* **DIRECTIONS FOR THIS TASK**: For this listing, the lines between the one holding "ultimately show ?case" and the one holding "map (snd (snd (flip_world_ra", inclusive, must be set down exactly.

++++ DATA SUPPLIED ++++

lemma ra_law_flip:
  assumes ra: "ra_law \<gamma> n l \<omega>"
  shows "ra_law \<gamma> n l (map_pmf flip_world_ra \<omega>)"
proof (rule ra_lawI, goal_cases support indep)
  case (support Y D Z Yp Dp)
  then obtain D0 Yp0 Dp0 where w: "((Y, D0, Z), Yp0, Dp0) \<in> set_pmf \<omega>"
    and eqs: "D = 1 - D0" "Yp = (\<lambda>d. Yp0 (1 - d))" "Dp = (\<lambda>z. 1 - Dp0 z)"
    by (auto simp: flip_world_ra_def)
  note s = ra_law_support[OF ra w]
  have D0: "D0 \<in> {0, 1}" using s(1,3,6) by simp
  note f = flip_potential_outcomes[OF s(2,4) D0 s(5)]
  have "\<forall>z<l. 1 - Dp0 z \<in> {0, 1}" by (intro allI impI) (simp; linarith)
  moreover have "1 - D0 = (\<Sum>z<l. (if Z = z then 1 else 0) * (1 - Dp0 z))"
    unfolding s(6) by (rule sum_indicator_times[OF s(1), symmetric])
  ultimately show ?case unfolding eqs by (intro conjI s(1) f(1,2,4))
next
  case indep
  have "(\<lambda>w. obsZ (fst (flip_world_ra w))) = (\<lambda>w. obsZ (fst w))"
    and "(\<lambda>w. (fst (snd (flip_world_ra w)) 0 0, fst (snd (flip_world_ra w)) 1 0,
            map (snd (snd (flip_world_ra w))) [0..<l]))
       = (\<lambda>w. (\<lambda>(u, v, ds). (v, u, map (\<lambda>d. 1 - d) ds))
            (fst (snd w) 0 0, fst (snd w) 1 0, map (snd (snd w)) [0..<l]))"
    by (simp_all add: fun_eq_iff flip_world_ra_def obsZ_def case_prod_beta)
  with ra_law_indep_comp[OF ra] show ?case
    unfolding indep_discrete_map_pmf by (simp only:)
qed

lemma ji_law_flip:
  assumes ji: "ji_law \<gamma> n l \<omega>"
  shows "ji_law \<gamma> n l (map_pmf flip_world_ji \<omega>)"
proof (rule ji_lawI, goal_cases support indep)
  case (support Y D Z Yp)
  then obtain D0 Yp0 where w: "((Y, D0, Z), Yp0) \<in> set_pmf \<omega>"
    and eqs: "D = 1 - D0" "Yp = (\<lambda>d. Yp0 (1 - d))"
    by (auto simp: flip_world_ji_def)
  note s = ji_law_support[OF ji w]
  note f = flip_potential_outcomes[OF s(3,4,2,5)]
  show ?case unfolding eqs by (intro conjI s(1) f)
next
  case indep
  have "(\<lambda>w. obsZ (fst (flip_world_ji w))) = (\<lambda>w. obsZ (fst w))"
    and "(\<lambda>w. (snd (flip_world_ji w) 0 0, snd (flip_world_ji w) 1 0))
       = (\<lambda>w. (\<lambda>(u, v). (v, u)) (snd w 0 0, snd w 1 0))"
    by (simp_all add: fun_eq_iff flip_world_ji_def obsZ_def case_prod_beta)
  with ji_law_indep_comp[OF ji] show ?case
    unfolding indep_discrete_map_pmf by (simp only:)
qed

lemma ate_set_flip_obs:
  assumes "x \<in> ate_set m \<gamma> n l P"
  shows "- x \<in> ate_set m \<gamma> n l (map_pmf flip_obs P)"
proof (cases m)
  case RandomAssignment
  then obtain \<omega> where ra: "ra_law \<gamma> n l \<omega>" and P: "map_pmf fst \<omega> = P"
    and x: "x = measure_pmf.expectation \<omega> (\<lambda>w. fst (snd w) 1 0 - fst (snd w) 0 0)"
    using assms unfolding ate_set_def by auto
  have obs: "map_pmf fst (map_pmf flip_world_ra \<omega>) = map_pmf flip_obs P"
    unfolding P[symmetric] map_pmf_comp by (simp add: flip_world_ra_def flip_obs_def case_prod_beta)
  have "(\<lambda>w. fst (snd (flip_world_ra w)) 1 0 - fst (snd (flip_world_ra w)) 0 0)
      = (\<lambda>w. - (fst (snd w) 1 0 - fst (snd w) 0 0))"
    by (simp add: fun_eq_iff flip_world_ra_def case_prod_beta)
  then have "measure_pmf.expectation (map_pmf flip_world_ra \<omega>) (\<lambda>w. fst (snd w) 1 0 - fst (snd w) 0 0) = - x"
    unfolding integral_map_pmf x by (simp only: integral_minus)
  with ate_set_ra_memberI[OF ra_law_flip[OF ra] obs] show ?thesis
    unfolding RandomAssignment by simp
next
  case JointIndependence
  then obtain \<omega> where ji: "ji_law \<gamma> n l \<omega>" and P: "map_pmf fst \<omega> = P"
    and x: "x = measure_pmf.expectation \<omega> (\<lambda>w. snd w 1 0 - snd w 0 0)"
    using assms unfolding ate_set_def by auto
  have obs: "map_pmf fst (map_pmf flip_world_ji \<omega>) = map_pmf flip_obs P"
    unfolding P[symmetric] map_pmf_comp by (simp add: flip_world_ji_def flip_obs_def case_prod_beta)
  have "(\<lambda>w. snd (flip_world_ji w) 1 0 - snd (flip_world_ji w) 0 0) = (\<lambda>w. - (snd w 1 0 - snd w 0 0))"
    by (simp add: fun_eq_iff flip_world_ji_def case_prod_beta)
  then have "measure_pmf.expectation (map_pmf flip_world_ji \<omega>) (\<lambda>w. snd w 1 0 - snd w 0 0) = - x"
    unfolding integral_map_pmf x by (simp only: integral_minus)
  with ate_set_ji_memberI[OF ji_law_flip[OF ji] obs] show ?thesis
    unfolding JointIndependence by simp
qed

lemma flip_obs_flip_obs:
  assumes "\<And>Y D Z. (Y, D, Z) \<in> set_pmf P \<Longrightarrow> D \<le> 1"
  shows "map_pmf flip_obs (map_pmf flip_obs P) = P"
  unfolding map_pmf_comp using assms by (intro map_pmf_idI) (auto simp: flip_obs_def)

++++

* **TASK RESULT**:
  ultimately show ?case unfolding eqs by (intro conjI s(1) f(1,2,4))
next
  case indep
  have "(\<lambda>w. obsZ (fst (flip_world_ra w))) = (\<lambda>w. obsZ (fst w))"
    and "(\<lambda>w. (fst (snd (flip_world_ra w)) 0 0, fst (snd (flip_world_ra w)) 1 0,
            map (snd (snd (flip_world_ra w))) [0..<l]))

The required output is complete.